Stored items from a collection

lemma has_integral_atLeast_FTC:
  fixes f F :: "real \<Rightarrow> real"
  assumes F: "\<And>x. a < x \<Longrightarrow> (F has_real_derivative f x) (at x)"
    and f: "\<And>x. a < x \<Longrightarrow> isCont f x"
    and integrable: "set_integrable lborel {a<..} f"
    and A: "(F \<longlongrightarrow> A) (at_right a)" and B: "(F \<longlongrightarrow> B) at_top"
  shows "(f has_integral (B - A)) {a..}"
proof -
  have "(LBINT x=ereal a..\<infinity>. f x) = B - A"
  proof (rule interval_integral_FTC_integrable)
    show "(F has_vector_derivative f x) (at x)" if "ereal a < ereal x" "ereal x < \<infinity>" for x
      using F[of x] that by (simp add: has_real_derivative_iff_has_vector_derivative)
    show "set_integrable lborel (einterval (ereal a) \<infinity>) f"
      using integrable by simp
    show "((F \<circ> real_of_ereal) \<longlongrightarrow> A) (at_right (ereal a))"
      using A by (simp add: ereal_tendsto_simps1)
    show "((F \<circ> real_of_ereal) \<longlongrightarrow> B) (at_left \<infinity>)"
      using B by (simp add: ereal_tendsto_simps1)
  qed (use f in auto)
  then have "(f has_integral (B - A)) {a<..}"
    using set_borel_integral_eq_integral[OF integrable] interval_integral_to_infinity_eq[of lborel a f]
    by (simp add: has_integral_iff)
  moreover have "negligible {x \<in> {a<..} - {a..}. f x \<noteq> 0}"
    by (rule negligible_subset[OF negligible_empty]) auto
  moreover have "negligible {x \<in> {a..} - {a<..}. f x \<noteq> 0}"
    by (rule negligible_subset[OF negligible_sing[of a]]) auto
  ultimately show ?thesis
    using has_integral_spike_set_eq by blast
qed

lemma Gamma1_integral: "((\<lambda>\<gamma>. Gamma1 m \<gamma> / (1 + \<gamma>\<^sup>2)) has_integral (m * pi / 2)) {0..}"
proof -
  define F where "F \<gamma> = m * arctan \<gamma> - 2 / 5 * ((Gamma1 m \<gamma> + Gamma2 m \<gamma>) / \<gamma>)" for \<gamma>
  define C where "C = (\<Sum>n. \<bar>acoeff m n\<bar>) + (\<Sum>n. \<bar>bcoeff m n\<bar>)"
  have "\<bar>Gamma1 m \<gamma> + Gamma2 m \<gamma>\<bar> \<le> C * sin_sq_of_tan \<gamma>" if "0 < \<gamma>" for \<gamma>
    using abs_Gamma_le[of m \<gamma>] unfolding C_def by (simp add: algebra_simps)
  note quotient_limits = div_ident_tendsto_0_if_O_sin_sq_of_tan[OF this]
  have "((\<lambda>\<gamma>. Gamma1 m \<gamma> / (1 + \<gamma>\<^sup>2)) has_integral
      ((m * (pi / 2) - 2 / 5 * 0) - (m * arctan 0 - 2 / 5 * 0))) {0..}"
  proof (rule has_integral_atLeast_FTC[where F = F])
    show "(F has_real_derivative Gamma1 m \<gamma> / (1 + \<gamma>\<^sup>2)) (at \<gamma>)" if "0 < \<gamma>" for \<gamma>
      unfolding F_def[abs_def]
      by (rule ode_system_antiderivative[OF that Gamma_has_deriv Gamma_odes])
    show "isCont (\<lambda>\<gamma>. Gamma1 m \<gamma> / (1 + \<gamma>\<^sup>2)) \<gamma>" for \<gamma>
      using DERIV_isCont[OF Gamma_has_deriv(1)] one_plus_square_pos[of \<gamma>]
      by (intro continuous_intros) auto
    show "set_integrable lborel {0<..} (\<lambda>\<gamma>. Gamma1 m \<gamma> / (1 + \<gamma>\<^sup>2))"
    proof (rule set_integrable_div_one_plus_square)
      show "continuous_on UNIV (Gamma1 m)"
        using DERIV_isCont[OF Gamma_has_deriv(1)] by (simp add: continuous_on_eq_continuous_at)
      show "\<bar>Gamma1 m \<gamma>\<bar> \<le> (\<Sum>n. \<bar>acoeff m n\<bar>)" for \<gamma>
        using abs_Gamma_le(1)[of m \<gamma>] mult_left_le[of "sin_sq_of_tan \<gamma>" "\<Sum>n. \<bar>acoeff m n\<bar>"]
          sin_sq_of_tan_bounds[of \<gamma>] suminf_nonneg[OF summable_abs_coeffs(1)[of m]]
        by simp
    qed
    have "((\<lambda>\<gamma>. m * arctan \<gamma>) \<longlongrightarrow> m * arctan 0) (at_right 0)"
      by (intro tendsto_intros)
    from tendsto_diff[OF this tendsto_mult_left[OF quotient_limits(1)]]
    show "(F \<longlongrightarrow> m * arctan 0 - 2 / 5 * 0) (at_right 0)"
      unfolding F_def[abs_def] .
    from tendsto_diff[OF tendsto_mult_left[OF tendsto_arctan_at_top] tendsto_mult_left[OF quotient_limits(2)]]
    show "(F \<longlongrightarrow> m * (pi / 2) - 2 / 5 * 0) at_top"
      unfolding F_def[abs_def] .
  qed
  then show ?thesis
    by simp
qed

TASK GOAL =>
Among the entries above, locate the lines containing "using integrable by simp" and "real_of_ereal) \<longlongrightarrow> B)", and transcribe exactly those two lines and all lines between.

EXPECTED ANSWER =>
      using integrable by simp
    show "((F \<circ> real_of_ereal) \<longlongrightarrow> A) (at_right (ereal a))"
      using A by (simp add: ereal_tendsto_simps1)
    show "((F \<circ> real_of_ereal) \<longlongrightarrow> B) (at_left \<infinity>)"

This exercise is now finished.